So the captain said, being on his legs, -
"What might she be making now?"
"What is Margaret making, Kitty?" asked the young fisherman,--with one of his arms apparently mislaid somewhere.
As Kitty only blushed in reply, the captain doubled himself up as far as he could, standing, and said, with a slap of his leg, -
"In my country we should call it wedding-clothes. Fact! We should, I do assure you."
But it seemed to strike the captain in another light too; for his laugh was not a long one, and he added, in quite a gentle tone, -
"And it's very pretty, my dear, to see her--poor young thing, with her fatherless child upon her bosom--giving up her thoughts to your home and your happiness. It's very pretty, my dear, and it's very good. May your marriage be more prosperous than hers, and be a comfort to her too. May the blessed sun see you all happy together, in possession of the good name, long after I have done ploughing the great salt field that is never sown!"

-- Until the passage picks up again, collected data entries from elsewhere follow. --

(* For every positive integer $t$, $r_t\ge\frac13$.
   Context: A voter matrix with $t$ topics is a matrix $V\in\{Y,N\}^{n\times t}$ for some positive integer $n$ (rows are voters), subject to the standing assumption that in every column the number of entries $Y$ is at least the number of entries $N$. $\mathcal{V}_t$ is the set of all voter matrices with $t$ topics and any number of voters. A proposal is a vector $p\in\{Y,N\}^t$. A voter $v$ supports $p$ if the Hamming distance between $v$ and $p$ is at most $t/2$; $p$ is supported by $V$ if at least $n/2$ rows of $V$ support $p$. For $i=1,\dots,t$ let $m_i$ be the fraction of entries $Y$ in column $i$ of $V$, and $m_V=\frac1t\sum_i m_i$. For a proposal $p$ let $m_i'=m_i$ if $p_i=Y$ and $m_i'=1-m_i$ if $p_i=N$; set $R_p=\frac1t\sum_i m_i'$ and $r_p=R_p/m_V$. Let $r_V=\max r_p$ over all proposals $p$ supported by $V$, and $r_t=\inf_{V\in\mathcal{V}_t} r_V$. *)

theory Defs
  imports Complex_Main
begin

text \<open>Entries: True = Y, False = N. A voter matrix is a nonempty list of rows
(voters), each row a list of length t.\<close>

definition countY :: "bool list list \<Rightarrow> nat \<Rightarrow> nat" where
  "countY V j = card {i. i < length V \<and> V ! i ! j}"

definition voter_matrix :: "nat \<Rightarrow> bool list list \<Rightarrow> bool" where
  "voter_matrix t V \<longleftrightarrow> V \<noteq> [] \<and> (\<forall>v\<in>set V. length v = t) \<and>
     (\<forall>j<t. countY V j \<ge> length V - countY V j)"

definition hamming :: "nat \<Rightarrow> bool list \<Rightarrow> bool list \<Rightarrow> nat" where
  "hamming t v p = card {j. j < t \<and> v ! j \<noteq> p ! j}"

definition supports :: "nat \<Rightarrow> bool list \<Rightarrow> bool list \<Rightarrow> bool" where
  "supports t v p \<longleftrightarrow> real (hamming t v p) \<le> real t / 2"

definition supported :: "nat \<Rightarrow> bool list list \<Rightarrow> bool list \<Rightarrow> bool" where
  "supported t V p \<longleftrightarrow>
     real (card {i. i < length V \<and> supports t (V ! i) p}) \<ge> real (length V) / 2"

definition frac_m :: "bool list list \<Rightarrow> nat \<Rightarrow> real" where
  "frac_m V j = real (countY V j) / real (length V)"

definition m_V :: "nat \<Rightarrow> bool list list \<Rightarrow> real" where
  "m_V t V = (\<Sum>j<t. frac_m V j) / real t"

definition R_p :: "nat \<Rightarrow> bool list list \<Rightarrow> bool list \<Rightarrow> real" where
  "R_p t V p = (\<Sum>j<t. if p ! j then frac_m V j else 1 - frac_m V j) / real t"

definition r_p :: "nat \<Rightarrow> bool list list \<Rightarrow> bool list \<Rightarrow> real" where
  "r_p t V p = R_p t V p / m_V t V"

definition r_V :: "nat \<Rightarrow> bool list list \<Rightarrow> real" where
  "r_V t V = Max (r_p t V ` {p. length p = t \<and> supported t V p})"

definition r_t :: "nat \<Rightarrow> real" where
  "r_t t = Inf (r_V t ` {V. voter_matrix t V})"

end

theory Submission
  imports Defs
begin

text \<open>Every voter is within distance t/2 of the all-Y proposal or of the all-N proposal, so
  one of the two is supported. The all-Y proposal has ratio 1. If it is not supported,
  more than half of the voters disagree with it on more than half of the topics, so
  more than a quarter of all entries are N, i.e. m_V < 3/4; since the majority
  assumption gives m_V \<ge> 1/2, the all-N proposal then has ratio (1 - m_V)/m_V > 1/3.\<close>

lemma card_filter_lessThan_eq_sum:
  fixes t :: nat
  shows "of_nat (card {j. j < t \<and> P j}) = (\<Sum>j<t. of_bool (P j) :: 'a::semiring_1)"
proof -
  have "(\<Sum>j<t. of_bool (P j) :: 'a) = of_nat (card ({..<t} \<inter> {j. P j}))"
    by (rule sum_of_bool_eq) simp_all
  moreover have "{..<t} \<inter> {j. P j} = {j. j < t \<and> P j}" by auto
  ultimately show ?thesis by simp
qed

lemma card_filter_add_card_filter_not_lessThan:
  fixes t :: nat
  shows "card {j. j < t \<and> P j} + card {j. j < t \<and> \<not> P j} = t"
proof -
  have "card ({j. j < t \<and> P j} \<union> {j. j < t \<and> \<not> P j}) =
      card {j. j < t \<and> P j} + card {j. j < t \<and> \<not> P j}"
    by (rule card_Un_disjoint) auto
  moreover have "{j. j < t \<and> P j} \<union> {j. j < t \<and> \<not> P j} = {..<t}" by auto
  ultimately show ?thesis by simp
qed

lemma hamming_add_hamming_map_Not:
  assumes "length p = t"
  shows "hamming t v p + hamming t v (map Not p) = t"
proof -
  have "{j. j < t \<and> v ! j \<noteq> map Not p ! j} = {j. j < t \<and> \<not> v ! j \<noteq> p ! j}"
    using assms by auto
  then show ?thesis
    unfolding hamming_def
    using card_filter_add_card_filter_not_lessThan[of t "\<lambda>j. v ! j \<noteq> p ! j"] by simp
qed

lemma supports_or_supports_map_Not:
  assumes "length p = t"
  shows "supports t v p \<or> supports t v (map Not p)"
  using hamming_add_hamming_map_Not[OF assms, of v] unfolding supports_def by linarith

lemma supported_map_Not_if_not_supported:
  assumes "length p = t" and "\<not> supported t V p"
  shows "supported t V (map Not p)"
proof -
  define S where "S q = {i. i < length V \<and> supports t (V ! i) q}" for q
  have "S p \<union> S (map Not p) = {..<length V}"
    using supports_or_supports_map_Not[OF assms(1)] unfolding S_def by auto
  then have "length V \<le> card (S p) + card (S (map Not p))"
    using card_Un_le[of "S p" "S (map Not p)"] by simp
  moreover have "real (card (S p)) < real (length V) / 2"
    using assms(2) unfolding supported_def S_def by simp
  ultimately show ?thesis unfolding supported_def S_def[symmetric] by linarith
qed

lemma R_p_replicate_True: "R_p t V (replicate t True) = m_V t V"
  unfolding R_p_def m_V_def by simp

lemma R_p_map_Not_replicate_True:
  assumes "0 < t"
  shows "R_p t V (map Not (replicate t True)) = 1 - m_V t V"
  using assms unfolding R_p_def m_V_def by (simp add: sum_subtractf diff_divide_distrib)

lemma frac_m_ge_half:
  assumes "voter_matrix t V" and "j < t"
  shows "1 / 2 \<le> frac_m V j"
proof -
  have "length V - countY V j \<le> countY V j" and "V \<noteq> []"
    using assms unfolding voter_matrix_def by auto
  then show ?thesis unfolding frac_m_def by (simp add: field_simps)
qed

lemma m_V_ge_half:
  assumes "voter_matrix t V" and "0 < t"
  shows "1 / 2 \<le> m_V t V"
proof -
  have "(\<Sum>j<t. 1 / 2) \<le> (\<Sum>j<t. frac_m V j)"
    using frac_m_ge_half[OF assms(1)] by (intro sum_mono) simp
  then show ?thesis unfolding m_V_def using assms(2) by (simp add: field_simps)
qed

lemma sum_hamming_replicate_True:
  "(\<Sum>i<length V. real (hamming t (V ! i) (replicate t True))) =
     real (length V) * real t * (1 - m_V t V)"
proof -
  define n where "n = length V"
  have countY_eq: "real (countY V j) = real n * frac_m V j" for j
    by (cases "n = 0") (simp_all add: frac_m_def countY_def n_def)
  have column_N: "(\<Sum>i<n. of_bool (\<not> V ! i ! j)) = real n - real (countY V j)" for j
    using card_filter_add_card_filter_not_lessThan[of n "\<lambda>i. V ! i ! j"]
    unfolding countY_def n_def[symmetric] card_filter_lessThan_eq_sum[symmetric]
    by (simp add: algebra_simps flip: of_nat_add)
  have row_N: "real (hamming t (V ! i) (replicate t True)) = (\<Sum>j<t. of_bool (\<not> V ! i ! j))"
    for i
  proof -
    have "{j. j < t \<and> V ! i ! j \<noteq> replicate t True ! j} = {j. j < t \<and> \<not> V ! i ! j}"
      by auto
    then show ?thesis unfolding hamming_def card_filter_lessThan_eq_sum[symmetric] by simp
  qed
  have "(\<Sum>i<n. real (hamming t (V ! i) (replicate t True))) =
      (\<Sum>i<n. \<Sum>j<t. of_bool (\<not> V ! i ! j))"
    unfolding row_N ..
  also have "\<dots> = (\<Sum>j<t. real n - real n * frac_m V j)"
    by (subst sum.swap) (simp add: column_N countY_eq)
  also have "\<dots> = real n * real t * (1 - m_V t V)"
  proof -
    have "(\<Sum>j<t. frac_m V j) = real t * m_V t V"
      by (cases "t = 0") (simp_all add: m_V_def)
    then show ?thesis by (simp add: sum_subtractf sum_distrib_left[symmetric] algebra_simps)
  qed
  finally show ?thesis unfolding n_def .
qed

lemma m_V_lt_three_quarters:
  assumes "0 < t" and "V \<noteq> []" and "\<not> supported t V (replicate t True)"
  shows "m_V t V < 3 / 4"
proof -
  define n where "n = length V"
  define h where "h i = real (hamming t (V ! i) (replicate t True))" for i
  define C where "C = {i. i < n \<and> \<not> supports t (V ! i) (replicate t True)}"
  have "card {i. i < n \<and> supports t (V ! i) (replicate t True)} + card C = n"
    unfolding C_def by (rule card_filter_add_card_filter_not_lessThan)
  then have card_C: "real n / 2 < real (card C)"
    using assms(3) unfolding supported_def n_def[symmetric] by linarith
  then have "C \<noteq> {}" by auto
  have "real n / 2 * (real t / 2) < real (card C) * (real t / 2)"
    using card_C assms(1) by simp
  also have "\<dots> = (\<Sum>i\<in>C. real t / 2)" by simp
  also have "\<dots> < (\<Sum>i\<in>C. h i)"
    using \<open>C \<noteq> {}\<close> by (intro sum_strict_mono) (auto simp: C_def h_def supports_def)
  also have "\<dots> \<le> (\<Sum>i<n. h i)"
    by (intro sum_mono2) (auto simp: C_def h_def)
  also have "\<dots> = real n * real t * (1 - m_V t V)"
    unfolding h_def n_def by (rule sum_hamming_replicate_True)
  finally have "real n * real t * (1 / 4) < real n * real t * (1 - m_V t V)" by simp
  moreover have "0 < real n * real t" using assms(1,2) by (simp add: n_def)
  ultimately have "1 / 4 < 1 - m_V t V" by (rule mult_less_cancel_left_pos[THEN iffD1, rotated])
  then show ?thesis by simp
qed

lemma r_p_le_r_V:
  assumes "length p = t" and "supported t V p"
  shows "r_p t V p \<le> r_V t V"
proof -
  have "finite {p :: bool list. length p = t}"
    using finite_lists_length_eq[of "UNIV :: bool set" t] by simp
  then have "finite {p. length p = t \<and> supported t V p}"
    by (rule rev_finite_subset) auto
  then show ?thesis unfolding r_V_def using assms by (intro Max_ge) auto
qed

lemma r_V_ge_one_third:
  assumes "voter_matrix t V" and "0 < t"
  shows "1 / 3 \<le> r_V t V"
proof -
  define Y where "Y = replicate t True"
  have m_half: "1 / 2 \<le> m_V t V" by (rule m_V_ge_half[OF assms])
  show ?thesis
  proof (cases "supported t V Y")
    case True
    have "r_p t V Y = 1"
      unfolding r_p_def Y_def R_p_replicate_True using m_half by simp
    then show ?thesis using r_p_le_r_V[OF _ True] by (simp add: Y_def)
  next
    case False
    have "m_V t V < 3 / 4"
      using m_V_lt_three_quarters[OF assms(2) _ False[unfolded Y_def]] assms(1)
      by (simp add: voter_matrix_def)
    then have "1 / 3 \<le> r_p t V (map Not Y)"
      unfolding r_p_def Y_def R_p_map_Not_replicate_True[OF assms(2)]
      using m_half by (simp add: field_simps)
    also have "\<dots> \<le> r_V t V"
      using supported_map_Not_if_not_supported[OF _ False]
      by (intro r_p_le_r_V) (simp_all add: Y_def)
    finally show ?thesis .
  qed
qed

lemma voter_matrix_replicate_True: "voter_matrix t [replicate t True]"
proof -
  have "{i. i < 1 \<and> [replicate t True] ! i ! j} = {0}" if "j < t" for j
    using that by auto
  then show ?thesis unfolding voter_matrix_def countY_def by simp
qed

theorem corollary5p4:
  fixes t :: nat
  assumes "0 < t"
  shows "r_t t \<ge> 1 / 3"
  unfolding r_t_def
proof (rule cInf_greatest)
  show "r_V t ` {V. voter_matrix t V} \<noteq> {}"
    using voter_matrix_replicate_True by blast
qed (use r_V_ge_one_third assms in auto)

end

Kitty answered very earnestly, "O! Thank you, sir, with all my heart!" And, in her loving little way, kissed her hand to him, and possibly by implication to the young fisherman, too, as the latter held the parlour-door open for the captain to pass out.
CHAPTER II--THE MONEY
"The stairs are very narrow, sir," said Alfred Raybrock to Captain Jorgan.

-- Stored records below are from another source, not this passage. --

lemma interpolated_gap_lower_bound:
  assumes B: "0 \<le> B" "\<And>j. j \<le> Suc (Kp L) \<Longrightarrow> B-lipschitz_on simplexM (C j)"
    and tau: "tau \<le> 1/2" "4 * B * tau \<le> eps_v / 2"
    and K: "real (Kp 0) \<le> K" "K < real (Kp L)"
  shows "min (tau * eps_v) (eps_v / 4) \<le> lin_interp (\<lambda>j. C 0 (df K) - C j (df K)) K"
proof -
  define t where "t = frac K"
  define g\<^sub>0 where "g\<^sub>0 = C 0 (df K) - C (nat \<lfloor>K\<rfloor>) (df K)"
  define g\<^sub>1 where "g\<^sub>1 = C 0 (df K) - C (Suc (nat \<lfloor>K\<rfloor>)) (df K)"
  have t: "0 \<le> t" "t < 1" by (simp_all add: t_def frac_lt_1)
  have g: "0 \<le> g\<^sub>0" "eps_v - 4 * B * t \<le> g\<^sub>0" "eps_v < g\<^sub>1"
    using lift_Suc_antimono_le[of "\<lambda>j. C j (df K)" 0] C_mono before_last_pinpoint(3)[OF K]
      gap_at_floor[OF B(2) K] gap_above_floor[OF K]
    by (auto simp: g\<^sub>0_def g\<^sub>1_def t_def)
  have lin: "lin_interp (\<lambda>j. C 0 (df K) - C j (df K)) K = (1 - t) * g\<^sub>0 + t * g\<^sub>1"
    by (simp add: lin_interp_def t_def g\<^sub>0_def g\<^sub>1_def)
  show ?thesis
  proof (cases "tau \<le> t")
    case True
    have "min (tau * eps_v) (eps_v / 4) \<le> tau * eps_v" by simp
    also have "\<dots> \<le> t * g\<^sub>1" using True t(1) g(3) eps_v_pos by (intro mult_mono) auto
    finally show ?thesis using lin t g(1) by (simp add: add_increasing)
  next
    case False
    then have "eps_v / 2 \<le> g\<^sub>0"
      using g(2) tau(2) B(1) mult_left_mono[of t tau "4 * B"] by linarith
    then have "(1 - t) * (eps_v / 2) \<le> (1 - t) * g\<^sub>0" using t by (intro mult_left_mono) auto
    moreover have "eps_v * t \<le> eps_v * (1/2)"
      using False tau(1) eps_v_pos by (intro mult_left_mono) auto
    then have "eps_v / 4 \<le> (1 - t) * (eps_v / 2)" by (simp add: algebra_simps)
    moreover have "0 \<le> t * g\<^sub>1" using t g(3) eps_v_pos by simp
    ultimately show ?thesis using lin by simp
  qed
qed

"Like my cabin-stairs," returned the captain, "on many a voyage."
"And they are rather inconvenient for the head."
"If my head can't take care of itself by this time, after all the knocking about the world it has had," replied the captain, as unconcernedly as if he had no connection with it, "it's not worth looking after."
Thus they came into the young fisherman's bedroom, which was as perfectly neat and clean as the shop and parlour below; though it was but a little place, with a sliding window, and a phrenological ceiling expressive of all the peculiarities of the house-roof. Here the captain sat down on the foot of the bed, and glancing at a dreadful libel on Kitty which ornamented the wall,--the production of some wandering limner, whom the captain secretly admired as having studied portraiture from the figure-heads of ships,--motioned to the young man to take the rush-chair on the other side of the small round table. That done, the captain put his hand in the deep breast-pocket of his long-skirted blue coat, and took out of it a strong square case-bottle,--not a large bottle, but such as may be seen in any ordinary ship's medicine-chest. Setting this bottle on the table without removing his hand from it, Captain Jorgan then spake as follows:-
"In my last voyage homeward-bound," said the captain, "and that's the voyage off of which I now come straight, I encountered such weather off the Horn as is not very often met with, even there. I have rounded that stormy Cape pretty often, and I believe I first beat about there in the identical storms that blew the Devil's horns and tail off, and led to the horns being worked up into tooth-picks for the plantation overseers in my country, who may be seen (if you travel down South, or away West, fur enough) picking their teeth with 'em, while the whips, made of the tail, flog hard. In this last voyage, homeward-bound for Liverpool from South America, I say to you, my young friend, it blew. Whole measures! No half measures, nor making believe to blow; it blew! Now I warn't blown clean out of the water into the sky,--though I expected to be even that,--but I was blown clean out of my course; and when at last it fell calm, it fell dead calm, and a strong current set one way, day and night, night and day, and I drifted--drifted--drifted--out of all the ordinary tracks and courses of ships, and drifted yet, and yet drifted. It behooves a man who takes charge of fellow-critturs' lives, never to rest from making himself master of his calling. I never did rest, and consequently I knew pretty well ('specially looking over the side in the dead calm of that strong current) what dangers to expect, and what precautions to take against 'em.